KAYOKOYUKI
Tokyo
Arthur Marie, Cooper Jacoby
Onsen Confidential
Apr 07, 2024
Apr 21, 2024
Among the five pieces by Arthur Marie at the Kayokoyuki Gallery in Tokyo, only one bears a name: “Declassé,” the title to a portrait depicting a faceless body bleeding into its background. The clinical title may provide a framework for the surrounding artworks left “Untitled.” These paintings evoke a sense of a dust-covered European familiarity: Two “untitled” portraits reminiscent of the 19th-century bourgeoisie-encouraged painterly pursuit of likeness. A gradually abstract “untitled” interpretation of a somehow eerily common image depicting a leisurely stroll on a beach with an aura entrenched in the rigidity of Napoleonic social etiquette. An “untitled” scene of dancing, perhaps.
Positioned between traditional portraiture and the character design for the zombies in The Walking Dead, «Declassé» sits in a space that challenges the ambition of portraiture: the acknowledgement of a body.

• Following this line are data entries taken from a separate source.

(* Let $K^{(1)},K^{(2)}$ be independent fractal percolations on $[0,1]$ with the same parameters $M\in\mathbb{N}_{\geq2}$ and $p\in[0,1]$. Then for any $n\in\mathbb{N}_0$, $$\mathbb{E}N(K_n^{(1)}\cap K_n^{(2)})=(Mp^2)^n\left(2-2M^{-n}-4p\frac{M-1}{M-p}\left[1-\left(\frac pM\right)^n\right]+2p^2\frac{M-1}{M-p^2}\left[1-\left(\frac{p^2}{M}\right)^n\right]\right).$$
   Context: Fractal percolation on $[0,1]$: $K_0=[0,1]$; given $K_{n-1}$, a union of closed grid intervals of length $M^{-(n-1)}$, each is divided into $M$ closed subintervals of length $M^{-n}$, each kept independently (of everything else) with probability $p$; $K_n$ is the union of kept subintervals. $N(A)$ denotes the number of isolated points of $A$. *)

theory Defs
  imports "HOL-Probability.Probability"
begin

text \<open>Level-n grid intervals of [0,1] are indexed by i < M^n; interval i is
  [i/M^n, (i+1)/M^n].  A configuration K_n is encoded by the (finite) set of
  indices of kept level-n intervals.\<close>

definition children :: "nat \<Rightarrow> nat set \<Rightarrow> nat set" where
  "children M S = (\<Union>i\<in>S. {i * M..<i * M + M})"

fun frac_perc :: "nat \<Rightarrow> real \<Rightarrow> nat \<Rightarrow> nat set pmf" where
  "frac_perc M p 0 = return_pmf {0}"
| "frac_perc M p (Suc n) =
     bind_pmf (frac_perc M p n)
       (\<lambda>S. map_pmf (\<lambda>f. {j \<in> children M S. f j})
              (Pi_pmf (children M S) False (\<lambda>_. bernoulli_pmf p)))"

definition grid_set :: "nat \<Rightarrow> nat \<Rightarrow> nat set \<Rightarrow> real set" where
  "grid_set M n S = (\<Union>i\<in>S. {real i / real M ^ n .. (real i + 1) / real M ^ n})"

definition isolated_pts :: "real set \<Rightarrow> real set" where
  "isolated_pts A = {x \<in> A. \<not> x islimpt A}"

definition num_isolated :: "real set \<Rightarrow> nat" where
  "num_isolated A = card (isolated_pts A)"

end

(* An isolated point of K_n^(1) \<inter> K_n^(2) is a grid point j/M^n, 0 < j < M^n, at which one
   configuration keeps the level-n interval to the left of the point but not the one to the
   right, and the other configuration does the opposite.  A fixed interval survives with
   probability p^n, so by independence this happens with probability 2 (p^n - q_n(j))^2, where
   q_n(j) is the probability that both intervals j - 1 and j survive.  Two neighbouring
   intervals either have the same parent, and then q_n(j) = p^(n+1), or their parents are
   again neighbours, and then q_n(j) = p^2 q_(n-1)(j/M).  Hence the sums of q_n(j) and of
   q_n(j)^2 satisfy linear recurrences, whose solutions give the formula. *)

theory Submission
  imports Defs
begin

lemma measure_bind_pmf:
  "measure_pmf.prob (bind_pmf M N) X = (\<integral>x. measure_pmf.prob (N x) X \<partial>measure_pmf M)"
proof -
  have "emeasure (bind_pmf M N) X = (\<integral>\<^sup>+x. emeasure (N x) X \<partial>measure_pmf M)"
    by (rule emeasure_bind_pmf)
  also have "\<dots> = (\<integral>\<^sup>+x. ennreal (measure_pmf.prob (N x) X) \<partial>measure_pmf M)"
    by (simp add: measure_pmf.emeasure_eq_measure)
  also have "\<dots> = ennreal (\<integral>x. measure_pmf.prob (N x) X \<partial>measure_pmf M)"
    by (intro nn_integral_eq_integral measure_pmf.integrable_const_bound[where B=1]) auto
  finally show ?thesis
    by (simp add: measure_pmf.emeasure_eq_measure)
qed

(* measure_pmf_prob_product needs countable sets, so first pass to the (countable) supports. *)
lemma measure_pair_pmf_Times:
  "measure_pmf.prob (pair_pmf P Q) (A \<times> B) = measure_pmf.prob P A * measure_pmf.prob Q B"
proof -
  have "measure_pmf.prob (pair_pmf P Q) (A \<times> B) =
        measure_pmf.prob (pair_pmf P Q) ((A \<inter> set_pmf P) \<times> (B \<inter> set_pmf Q))"
    by (subst measure_Int_set_pmf[symmetric]) (auto intro: arg_cong2[where f=measure])
  also have "\<dots> = measure_pmf.prob P (A \<inter> set_pmf P) * measure_pmf.prob Q (B \<inter> set_pmf Q)"
    by (rule measure_pmf_prob_product) auto
  finally show ?thesis
    by (simp add: measure_Int_set_pmf)
qed

lemma measure_Pi_bernoulli_all_True:
  assumes "finite C" "A \<subseteq> C" "0 \<le> p" "p \<le> 1"
  shows "measure_pmf.prob (Pi_pmf C dflt (\<lambda>_. bernoulli_pmf p)) {f. \<forall>j\<in>A. f j}
         = p ^ card A"
proof -
  have "{f. \<forall>j\<in>A. f j} = Pi C (\<lambda>j. if j \<in> A then {True} else UNIV)"
    using assms(2) by (auto simp: Pi_def)
  then have "measure_pmf.prob (Pi_pmf C dflt (\<lambda>_. bernoulli_pmf p)) {f. \<forall>j\<in>A. f j}
             = (\<Prod>j\<in>C. if j \<in> A then p else 1)"
    using assms by (simp add: measure_Pi_pmf_Pi measure_pmf_single if_distrib cong: if_cong)
  also have "\<dots> = p ^ card A"
    using assms(1,2) by (simp add: prod.If_cases Int_absorb1)
  finally show ?thesis .
qed

lemma mem_children_iff:
  assumes "M > 0"
  shows "i \<in> children M S \<longleftrightarrow> i div M \<in> S"
proof -
  have "i \<in> {a * M..<a * M + M} \<longleftrightarrow> i div M = a" for a
  proof
    assume "i \<in> {a * M..<a * M + M}"
    then show "i div M = a"
      by (intro div_nat_eqI) (auto simp: mult.commute)
  next
    assume "i div M = a"
    then show "i \<in> {a * M..<a * M + M}"
      using dividend_less_div_times[OF assms, of i] by auto
  qed
  then show ?thesis
    by (auto simp: children_def)
qed

lemma children_subset_lessThan:
  assumes "S \<subseteq> {..<K}"
  shows "children M S \<subseteq> {..<K * M}"
  unfolding children_def
proof (intro UN_least subsetI)
  fix i j assume "i \<in> S" "j \<in> {i * M..<i * M + M}"
  moreover have "Suc i * M \<le> K * M"
    using assms \<open>i \<in> S\<close> by (intro mult_right_mono) auto
  ultimately show "j \<in> {..<K * M}"
    by simp
qed

lemma set_pmf_frac_perc_subset: "S \<in> set_pmf (frac_perc M p n) \<Longrightarrow> S \<subseteq> {..<M ^ n}"
proof (induction n arbitrary: S)
  case (Suc n)
  then obtain S0 f where S0: "S0 \<in> set_pmf (frac_perc M p n)"
    and S: "S = {j \<in> children M S0. f j}"
    by auto
  have "S \<subseteq> children M S0"
    using S by blast
  also have "\<dots> \<subseteq> {..<M ^ n * M}"
    by (rule children_subset_lessThan) (rule Suc.IH[OF S0])
  finally show ?case
    by (simp add: mult.commute)
qed simp

lemma finite_set_pmf_frac_perc: "finite (set_pmf (frac_perc M p n))"
  by (rule finite_subset[of _ "Pow {..<M ^ n}"]) (auto dest: set_pmf_frac_perc_subset)

lemma finite_in_set_pmf_frac_perc: "S \<in> set_pmf (frac_perc M p n) \<Longrightarrow> finite S"
  by (meson finite_lessThan finite_subset set_pmf_frac_perc_subset)
(* In the Node-Capacitated Clique model, there is an algorithm (the Aggregate-and-Broadcast Algorithm) that solves every Aggregate-and-Broadcast Problem in $O(\log n)$ rounds: given a distributive aggregate function $f$ and a set $A\subseteq V$ in which each member of $A$ stores exactly one input value, at the end every node of $V$ knows $f(\text{multiset of inputs of } A)$.
   Context: Node-Capacitated Clique model: a set $V$ of $n$ nodes with unique identifiers from $\{0,\dots,n-1\}$; every node knows the identifiers of all nodes. Computation proceeds in synchronous rounds; in each round every node may perform arbitrary local computation and send distinct messages of $O(\log n)$ bits each to up to $O(\log n)$ other nodes; messages are received at the beginning of the next round. A node can receive at most $O(\log n)$ messages per round; if more are sent to it, it receives an arbitrary subset of $O(\log n)$ of them and the rest are dropped. An aggregate function $f$ maps a multiset $S$ of values to a value $f(S)$; it is distributive if there is an aggregate function $g$ such that for every multiset $S$ and every partition $S_1,\dots,S_\ell$ of $S$, $f(S)=g(f(S_1),\dots,f(S_\ell))$ (e.g. MAX, MIN, SUM). *)

theory Defs
  imports Complex_Main "HOL-Library.Multiset"
begin

type_synonym msg = "bool list"

type_synonym state = "bool list list"

definition distributive :: "('a multiset \<Rightarrow> 'a) \<Rightarrow> bool" where
  "distributive f \<longleftrightarrow>
     (\<exists>g :: 'a multiset \<Rightarrow> 'a. \<forall>S Ss.
        (sum_list Ss = S \<and> (\<forall>X\<in>set Ss. X \<noteq> {#})) \<longrightarrow> f S = g (mset (map f Ss)))"
lemma countable_cover_by_local_pieces:
  obtains \<A> where "countable \<A>" "\<Union>\<A> = X" "\<forall>A\<in>\<A>. \<exists>b\<le>Compl_loc T Y X. Fclass Y b A"
proof -
  obtain U V where U_Compl: "\<And>y. y \<in> topspace Y \<Longrightarrow> Compl_at T Y X y = Compl T Y (Y closure_of U y \<inter> X)"
    and V_open: "\<And>y. y \<in> topspace Y \<Longrightarrow> openin Y (V y)"
    and V_mem: "\<And>y. y \<in> topspace Y \<Longrightarrow> y \<in> V y"
    and V_sub: "\<And>y. y \<in> topspace Y \<Longrightarrow> V y \<subseteq> Y closure_of U y"
    using Compl_at_witnesses by blast
  have "\<forall>W\<in>V ` X. openin Y W" "X \<subseteq> \<Union>(V ` X)"
    using V_open V_mem subset_topspace by blast+
  then obtain \<V> where \<V>: "countable \<V>" "\<V> \<subseteq> V ` X" "X \<subseteq> \<Union>\<V>"
    using Lindelof[unfolded Lindelof_space_subtopology_subset[OF subset_topspace], rule_format,
        of "V ` X"] by blast
  then obtain N where N: "countable N" "N \<subseteq> X" "\<V> = V ` N"
    using countable_subset_image[of \<V> V X] by blast
  have N_sub: "N \<subseteq> topspace Y" using N(2) subset_topspace by blast
  show thesis
  proof (rule that)
    show "countable ((\<lambda>y. Y closure_of U y \<inter> X) ` N)" using N(1) by simp
    have "V y \<subseteq> Y closure_of U y" if "y \<in> N" for y using V_sub N_sub that by blast
    then show "(\<Union>y\<in>N. Y closure_of U y \<inter> X) = X"
      by (rule Union_closure_Int_eq[OF \<V>(3)[unfolded N(3)]])
    show "\<forall>A\<in>(\<lambda>y. Y closure_of U y \<inter> X) ` N. \<exists>b\<le>Compl_loc T Y X. Fclass Y b A"
    proof
      fix A assume "A \<in> (\<lambda>y. Y closure_of U y \<inter> X) ` N"
      then obtain x where "x \<in> X" "A = Y closure_of U x \<inter> X" using N(2) by blast
      moreover have "Compl T Y A \<le> Compl_loc T Y X"
        using calculation Compl_at_le_Compl_loc[of x] U_Compl[of x] subset_topspace by auto
      ultimately show "\<exists>b\<le>Compl_loc T Y X. Fclass Y b A" using Fclass_closure_Int by blast
    qed
  qed
qed

lemma Compl_le_Compl_loc_if_ord_odd:
  assumes "ord_odd (Compl_loc T Y X)"
  shows "Compl T Y X \<le> Compl_loc T Y X"
proof (cases "Compl_loc T Y X < omega1")
  case True
  obtain \<A> where "countable \<A>" "\<Union>\<A> = X" "\<forall>A\<in>\<A>. \<exists>b\<le>Compl_loc T Y X. Fclass Y b A"
    using countable_cover_by_local_pieces .
  then have "Fclass Y (Compl_loc T Y X) X"
    using Fclass_Union_ord_odd[OF True assms] by blast
  then show ?thesis by (rule Compl_le)
next
  case False
  then show ?thesis using le_omega1[OF omega1_plus_one] by (metis antisym_conv2)
qed

lemma Compl_le_osucc_Compl_loc: "Compl T Y X \<le> osucc (Compl_loc T Y X)"
proof (cases "Compl_loc T Y X < omega1 \<and> ord_even (Compl_loc T Y X)")
  case True
  obtain \<A> where "countable \<A>" "\<Union>\<A> = X" "\<forall>A\<in>\<A>. \<exists>b\<le>Compl_loc T Y X. Fclass Y b A"
    using countable_cover_by_local_pieces .
  then have "Fclass Y (osucc (Compl_loc T Y X)) X"
    using Fclass_Union_ord_even[OF omega1_plus_one] True by blast
  then show ?thesis by (rule Compl_le)
next
  case False
  then consider "ord_odd (Compl_loc T Y X)" | "Compl_loc T Y X = omega1"
    using le_omega1[OF omega1_plus_one, of "Compl_loc T Y X"] unfolding ord_even_def by force
  then show ?thesis
    using Compl_le_Compl_loc_if_ord_odd le_osucc le_omega1[OF omega1_plus_one] order_trans
    by metis
qed

lemma Compl_le_Compl_loc_if_parity:
  assumes "ord_odd (Compl_loc T Y X) \<or> ord_even (Compl T Y X)"
  shows "Compl T Y X \<le> Compl_loc T Y X"
proof (rule ccontr)
  assume "\<not> ?thesis"
  then have less: "Compl_loc T Y X < Compl T Y X" by simp
  then have "Compl T Y X = osucc (Compl_loc T Y X)"
    using osucc_le Compl_le_osucc_Compl_loc antisym by blast
  moreover have "ord_even (Compl_loc T Y X)"
    using assms Compl_le_Compl_loc_if_ord_odd less unfolding ord_even_def by auto
  ultimately show False
    using assms ord_odd_osucc[OF _ less] unfolding ord_even_def by auto
qed

lemma compact_Compl_le_Compl_at:
  assumes "compact_space Y" and "topspace Y \<noteq> {}"
  obtains y where "y \<in> topspace Y" "Compl T Y X \<le> Compl_at T Y X y"
proof -
  obtain U V where U_Compl: "\<And>y. y \<in> topspace Y \<Longrightarrow> Compl_at T Y X y = Compl T Y (Y closure_of U y \<inter> X)"
    and V_open: "\<And>y. y \<in> topspace Y \<Longrightarrow> openin Y (V y)"
    and V_mem: "\<And>y. y \<in> topspace Y \<Longrightarrow> y \<in> V y"
    and V_sub: "\<And>y. y \<in> topspace Y \<Longrightarrow> V y \<subseteq> Y closure_of U y"
    using Compl_at_witnesses by blast
  have "\<forall>W\<in>V ` topspace Y. openin Y W" "topspace Y \<subseteq> \<Union>(V ` topspace Y)"
    using V_open V_mem by blast+
  then obtain \<F> where "finite \<F>" "\<F> \<subseteq> V ` topspace Y" "topspace Y \<subseteq> \<Union>\<F>"
    using assms(1) unfolding compact_space_def compactin_def by meson
  then obtain N where N: "finite N" "N \<subseteq> topspace Y" "topspace Y \<subseteq> \<Union>(V ` N)"
    using finite_subset_image[of \<F> V "topspace Y"] by blast
  then have "N \<noteq> {}" using assms(2) by blast
  define m where "m = Max (Compl_at T Y X ` N)"
  have "m \<in> Compl_at T Y X ` N" unfolding m_def using N(1) \<open>N \<noteq> {}\<close> by (intro Max_in) auto
  then obtain y where y: "y \<in> N" "m = Compl_at T Y X y" by blast
  have "Compl T Y X \<le> m"
  proof (cases "m < omega1")
    case True
    have "V y \<subseteq> Y closure_of U y" if "y \<in> N" for y using V_sub N(2) that by blast
    then have X_eq: "(\<Union>y\<in>N. Y closure_of U y \<inter> X) = X"
      by (rule Union_closure_Int_eq[OF subset_trans[OF subset_topspace N(3)]])
    have "Fclass Y m (\<Union>y\<in>N. Y closure_of U y \<inter> X)"
    proof (rule Fclass_finite_Union[OF True])
      show "\<forall>A\<in>(\<lambda>y. Y closure_of U y \<inter> X) ` N. \<exists>b\<le>m. Fclass Y b A"
      proof
        fix A assume "A \<in> (\<lambda>y. Y closure_of U y \<inter> X) ` N"
        then obtain y where y: "y \<in> N" "A = Y closure_of U y \<inter> X" by blast
        then have "Compl T Y A = Compl_at T Y X y" using U_Compl N(2) by auto
        also have "\<dots> \<le> m" unfolding m_def using N(1) y(1) by simp
        finally show "\<exists>b\<le>m. Fclass Y b A" using Fclass_closure_Int y(2) by blast
      qed
    qed (use N(1) in simp)
    then show ?thesis unfolding X_eq by (rule Compl_le)
  next
    case False
    then show ?thesis using le_omega1[OF omega1_plus_one] by (metis antisym_conv2)
  qed
  then show thesis using that y N(2) by blast
qed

Cooper Jacoby’s «Ruminator (It is goodbye soon)» steel locker piece shares this intriguing connection with portraiture. The enigmatic structure engages the viewer in a dialogue. It suggests the presence of a body hidden behind the steel that is communicating with what it has been given: a 4-letter lock dial.
Arthur Marie’s catalog can be looked at as a construction of a vast contemporary typology. Within it, he meticulously examines the social role of nuance within self-representation and the portrayal of others in the historical narrative of image production.
Through his “post-cliché” approach to painting, he seems not only to delve into optical nuances that define class thresholds, but the legibility of them — the ability to decode the nuance.
Cooper’s steel locker, adorned with a silicone cast of a cow stomach, hints at a rather omnivorous appetite, unable to classify altogether. By quite literally flipping its stomach inside out, perhaps to streamline consumption, the piece transforms into a reflective surface, talking back at the viewer in real-time, like a distorted mirror.
Cooper’s artistic oeuvre encapsulates the intricate interplay between everyday infrastructures and the human bodies they are designed to serve, delving into the fundamental inquiry: do we mold our surroundings, or do they, in turn, shape us? Through his work, he navigates the dialectical dance between these elements, probing the complex dynamics that define our interactions with our own architectures.